Authoritative parents often utilize positive reinforcement to help manage behaviors, as well as explaining rules and limits, discussing with children, and using reasoning. While parents are assertive, they are also understanding and supportive. When children make mistakes, parents will provide logical consequences while also being nurturing and forgiving. Parents aim to build missing skills within children when they make mistakes or demonstrate negative behaviors.
The goal of authoritative children is to create responsible, cooperative, and self-regulated children. Children of authoritative parents often have more positive attachment and relationship with their parents. They additionally are able to learn coping skills to manage emotions, have more positive behavior, and better academic performance.
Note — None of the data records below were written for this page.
lemma siblings_nested:
  assumes "distinct (leaves T)" "siblings T t1 t2" "R \<in> subtrees T"
    and "x \<in> leaf_set R" "x \<in> leaf_set t1"
  shows "leaf_set t1 \<union> leaf_set t2 \<subseteq> leaf_set R \<or> leaf_set R \<subseteq> leaf_set t1"
proof -
  obtain P where P: "P \<in> subtrees T" "P = Node t1 t2 \<or> P = Node t2 t1"
    using assms(2) unfolding siblings_def by blast
  have "x \<in> leaf_set P"
    using P(2) assms(5) by auto
  then have "R \<in> subtrees P \<or> P \<in> subtrees R"
    using subtrees_laminar[OF assms(1) assms(3) P(1)] assms(4) by blast
  then consider "P \<in> subtrees R" | "R = P" | "R \<in> subtrees t1" | "R \<in> subtrees t2"
    using P(2) by auto
  then show ?thesis
  proof cases
    case 1
    then have "leaf_set P \<subseteq> leaf_set R" by (rule leaf_set_subtree)
    then show ?thesis using P(2) by auto
  next
    case 2
    then show ?thesis using P(2) by auto
  next
    case 3
    then show ?thesis using leaf_set_subtree by blast
  next
    case 4
    moreover have "leaf_set t1 \<inter> leaf_set t2 = {}"
      using siblings_disjoint assms(1,2) by blast
    ultimately show ?thesis
      using assms(4,5) leaf_set_subtree by blast
  qed
qed

lemma restrict_eq_None_iff: "restrict S t = None \<longleftrightarrow> leaf_set t \<inter> S = {}"
  by (induction t) (auto split: option.splits)

lemma leaf_set_restrict: "restrict S t = Some t' \<Longrightarrow> leaf_set t' = leaf_set t \<inter> S"
  by (induction t arbitrary: t') (auto split: option.splits if_splits simp: restrict_eq_None_iff)

lemma restrict_Node_subtree:
  "restrict S t = Some t' \<Longrightarrow> Node a b \<in> subtrees t' \<Longrightarrow>
   \<exists>A B. Node A B \<in> subtrees t \<and> restrict S A = Some a \<and> restrict S B = Some b"
proof (induction t arbitrary: t')
  case (Node l r)
  then show ?case
    by (cases "restrict S l"; cases "restrict S r") fastforce+
qed (auto split: if_splits)

lemma restrict_siblings:
  "restrict S t = Some t' \<Longrightarrow> siblings t' a b \<Longrightarrow>
   \<exists>A B. siblings t A B \<and> restrict S A = Some a \<and> restrict S B = Some b"
  unfolding siblings_def by (metis restrict_Node_subtree)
They also tend to be open minded and effective communicators.
Conclusion
There are numerous other parenting terms you may hear (attachment parenting, gentle parenting, helicopter, lawnmower, bulldozer, snowplow, tiger, elephant, dolphin, and free-range parenting to name a few) and I hope to return to this topic with more information at another time!
But again, the type of parenting we practice can have lasting impacts on our life. Think about your own experience as a child. What type(s) of parenting styles did your parents use?
It has been said that the voice of a parent becomes a child’s “inner voice”. The ideas and ideals passed down from our parents are ingrained in us, which is why we can often hear our parents voices and sayings escape from our own mouths. Even if we disagree with our own parents’ parenting style, it can still tend to slip out, particularly when we are stressed. This is why it is important to evaluate the way you were parented and evaluate the impact this may have on your own parenting style.
Which parenting style do you tend to use? I’d love to have a discussion about it!